How do we find the value of(1.01)^5 approximately up to three decimals,only with the use of the Binomial theorem?
(1 + .01)^5 = 1^5 + 5(1)^4*.01 + (20/2)(1)^3*.01^2 etc
Thank you!
You are welcome.
To find the approximate value of (1.01)^5 using the Binomial theorem, we can use the following formula:
(1 + x)^n ≈ 1 + nx + (n(n-1)x^2 / 2!) + (n(n-1)(n-2)x^3 / 3!) + ...

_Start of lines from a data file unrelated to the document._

text \<open>delta_p(M,N): tuples a in Z_M^p, b in Z_N^p indexed by {1..p}, represented as
  extensional functions {1..p} -> {0..<M} resp. {0..<N}.\<close>
definition delta :: "nat \<Rightarrow> nat \<Rightarrow> nat \<Rightarrow> real" where
  "delta p M N = real (card {(a, b). a \<in> {1..p} \<rightarrow>\<^sub>E {..<M} \<and> b \<in> {1..p} \<rightarrow>\<^sub>E {..<N} \<and>
        image_mset (\<lambda>y. (a y, b y)) (mset_set {1..p})
      = image_mset (\<lambda>y. (a y, b (cyc_succ p y))) (mset_set {1..p})})
     / (real M * real N) ^ p"

end

theory Submission
  imports Defs
begin

text \<open>Whether a pair of tuples \<open>(a, b)\<close> satisfies the multiset condition depends only on
  their kernel partitions \<open>\<pi> = ker a\<close> and \<open>\<sigma> = ker b\<close> (the level sets of the tuples): the
  condition says that every value pair \<open>(u, v)\<close> is hit equally often by \<open>(a\<^sub>y, b\<^sub>y)\<close> and
  \<open>(a\<^sub>y, b\<^sub>y\<^sub>+\<^sub>1)\<close>, which is exactly \<open>\<pi> \<triangleright> \<sigma>\<close>. A tuple in \<open>\<int>\<^sub>M\<^sup>p\<close> with kernel \<open>\<pi>\<close> is an injective
  colouring of the blocks of \<open>\<pi>\<close>, so there are \<open>M!/(M-|\<pi>|)!\<close> of them. Hence
  \<open>(MN)\<^sup>p \<delta>\<^sub>p(M,N)\<close> is the sum of \<open>M!/(M-|\<pi>|)! \<cdot> N!/(N-|\<sigma>|)!\<close> over all related pairs, and
  grouping these pairs by their block numbers \<open>s, t\<close> (there are \<open>S\<^sub>p\<^sub>s S\<^sub>p\<^sub>t \<epsilon>\<^sub>p(s,t)\<close> of them)
  gives the formula.\<close>

lemma partition_on_card_le:
  assumes "finite I" "partition_on I P"
  shows "card P \<le> card I"
proof -
  have fin: "finite \<beta>" if "\<beta> \<in> P" for \<beta>
    using assms(1) partition_onD1[OF assms(2)] that by (meson Union_upper finite_subset)
  have "card P = (\<Sum>\<beta>\<in>P. 1)" by simp
  also have "\<dots> \<le> (\<Sum>\<beta>\<in>P. card \<beta>)"
  proof (rule sum_mono)
    fix \<beta> assume "\<beta> \<in> P"
    then show "1 \<le> card \<beta>"
      using fin partition_onD3[OF assms(2)] by (metis One_nat_def Suc_leI card_gt_0_iff)
  qed
  also have "\<dots> = card I" using product_partition[OF assms(2) fin] by simp
  finally show ?thesis .
qed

In this formula, we substitute x with the value we want to calculate (in this case, x = 0.01) and n with the power we want to raise it to (in this case, n = 5).
So let's substitute:
(1.01)^5 ≈ 1 + 5(0.01) + (5(5-1)(0.01)^2 / 2!) + (5(5-1)(5-2)(0.01)^3 / 3!) + ...
Now let's calculate these terms step by step:
1 + 5(0.01) = 1.05
5(5-1)(0.01)^2 / 2! = 10(0.01)^2 / 2 = 10(0.0001) / 2 = 0.0005
5(5-1)(5-2)(0.01)^3 / 3! = 10(0.01)^3 / 6 = 10(0.000001) / 6 = 0.000001666...
Now, let's substitute these values back into the original formula to get the approximate value of (1.01)^5:
(1.01)^5 ≈ 1 + 1.05 + 0.0005 + 0.000001666...
By adding up these values, we can approximate (1.01)^5 up to three decimal places.
1 + 1.05 + 0.0005 = 2.0505
Therefore, (1.01)^5 is approximately equal to 2.0505 up to three decimal places, using the Binomial theorem.